What you are asked to do =>
Return every entry below without altering a word.

Material provided =>
######
(* Let $\mathbf{X}=(\mathbf{x}^1,\dots,\mathbf{x}^n)\in\mathbb{R}^{n\times T\times q}$ and $\mathbf{X}'=(\mathbf{x}'^1,\dots,\mathbf{x}'^{n})\in\mathbb{R}^{n\times T'\times q}$ be datasets each composed of $n$ time series, with uniform weights $\mathbf{w}=\mathbf{w}'=(1/n,\dots,1/n)$. Then the MAD problem admits an optimal solution $(\boldsymbol\gamma^\star,\boldsymbol\pi^\star)$ whose transportation plan $\boldsymbol\gamma^\star$ is a one-to-one matching, i.e. $n\boldsymbol\gamma^\star$ is a permutation matrix: each sample of $\mathbf{X}$ is matched to exactly one sample of $\mathbf{X}'$ and conversely. The same holds for the $|\mathcal{C}|$-MAD problem for any labels $\mathbf{Y}\in\mathcal{C}^n$ of $\mathbf{X}$.
   Context: Here $\mathbf{x}^i_t\in\mathbb{R}^q$ is the $t$-th time step of the $i$-th series. The set of couplings is $\Gamma(\mathbf{w},\mathbf{w}')=\{\boldsymbol\gamma\in\mathbb{R}_{\ge0}^{n\times n}:\boldsymbol\gamma\mathbf{1}=\mathbf{w},\ \boldsymbol\gamma^\top\mathbf{1}=\mathbf{w}'\}$. $\mathcal{A}(T,T')$ is the finite set of admissible DTW alignments. These are binary matrices $\boldsymbol\pi\in\{0,1\}^{T\times T'}$ whose nonzero entries form a path from $(1,1)$ to $(T,T')$ using only steps $(1,0)$, $(0,1)$ or $(1,1)$. The cost tensor is $\mathbf{L}(\mathbf{X},\mathbf{X}')$, with entries $L^{i,j}_{t,t'}=\|\mathbf{x}^i_t-\mathbf{x}'^j_{t'}\|_2^2$. For $\boldsymbol\pi\in\mathbb{R}^{T\times T'}$, $(\mathbf{L}\otimes\boldsymbol\pi)_{ij}=\sum_{t,t'}L^{i,j}_{t,t'}\pi_{tt'}$. The two problems are: - The MAD problem is $\min_{\boldsymbol\gamma\in\Gamma(\mathbf{w},\mathbf{w}'),\ \boldsymbol\pi\in\mathcal{A}(T,T')}\langle\mathbf{L}(\mathbf{X},\mathbf{X}')\otimes\boldsymbol\pi,\boldsymbol\gamma\rangle$, with Frobenius inner product. - Given a finite class set $\mathcal{C}$ and labels $\mathbf{Y}=(y_1,\dots,y_n)\in\mathcal{C}^n$, the $|\mathcal{C}|$-MAD problem is $\min\sum_{i,j}\gamma_{ij}\sum_{t,t'}L^{i,j}_{t,t'}\pi^{(y_i)}_{tt'}$. The minimum is over $\boldsymbol\gamma\in\Gamma(\mathbf{w},\mathbf{w}')$ and one alignment $\boldsymbol\pi^{(c)}\in\mathcal{A}(T,T')$ per class $c\in\mathcal{C}$. *)

theory Defs
  imports "HOL-Analysis.Analysis"
begin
######
Task response =>
(* Let $\mathbf{X}=(\mathbf{x}^1,\dots,\mathbf{x}^n)\in\mathbb{R}^{n\times T\times q}$ and $\mathbf{X}'=(\mathbf{x}'^1,\dots,\mathbf{x}'^{n})\in\mathbb{R}^{n\times T'\times q}$ be datasets each composed of $n$ time series, with uniform weights $\mathbf{w}=\mathbf{w}'=(1/n,\dots,1/n)$. Then the MAD problem admits an optimal solution $(\boldsymbol\gamma^\star,\boldsymbol\pi^\star)$ whose transportation plan $\boldsymbol\gamma^\star$ is a one-to-one matching, i.e. $n\boldsymbol\gamma^\star$ is a permutation matrix: each sample of $\mathbf{X}$ is matched to exactly one sample of $\mathbf{X}'$ and conversely. The same holds for the $|\mathcal{C}|$-MAD problem for any labels $\mathbf{Y}\in\mathcal{C}^n$ of $\mathbf{X}$.
   Context: Here $\mathbf{x}^i_t\in\mathbb{R}^q$ is the $t$-th time step of the $i$-th series. The set of couplings is $\Gamma(\mathbf{w},\mathbf{w}')=\{\boldsymbol\gamma\in\mathbb{R}_{\ge0}^{n\times n}:\boldsymbol\gamma\mathbf{1}=\mathbf{w},\ \boldsymbol\gamma^\top\mathbf{1}=\mathbf{w}'\}$. $\mathcal{A}(T,T')$ is the finite set of admissible DTW alignments. These are binary matrices $\boldsymbol\pi\in\{0,1\}^{T\times T'}$ whose nonzero entries form a path from $(1,1)$ to $(T,T')$ using only steps $(1,0)$, $(0,1)$ or $(1,1)$. The cost tensor is $\mathbf{L}(\mathbf{X},\mathbf{X}')$, with entries $L^{i,j}_{t,t'}=\|\mathbf{x}^i_t-\mathbf{x}'^j_{t'}\|_2^2$. For $\boldsymbol\pi\in\mathbb{R}^{T\times T'}$, $(\mathbf{L}\otimes\boldsymbol\pi)_{ij}=\sum_{t,t'}L^{i,j}_{t,t'}\pi_{tt'}$. The two problems are: - The MAD problem is $\min_{\boldsymbol\gamma\in\Gamma(\mathbf{w},\mathbf{w}'),\ \boldsymbol\pi\in\mathcal{A}(T,T')}\langle\mathbf{L}(\mathbf{X},\mathbf{X}')\otimes\boldsymbol\pi,\boldsymbol\gamma\rangle$, with Frobenius inner product. - Given a finite class set $\mathcal{C}$ and labels $\mathbf{Y}=(y_1,\dots,y_n)\in\mathcal{C}^n$, the $|\mathcal{C}|$-MAD problem is $\min\sum_{i,j}\gamma_{ij}\sum_{t,t'}L^{i,j}_{t,t'}\pi^{(y_i)}_{tt'}$. The minimum is over $\boldsymbol\gamma\in\Gamma(\mathbf{w},\mathbf{w}')$ and one alignment $\boldsymbol\pi^{(c)}\in\mathcal{A}(T,T')$ per class $c\in\mathcal{C}$. *)

theory Defs
  imports "HOL-Analysis.Analysis"
begin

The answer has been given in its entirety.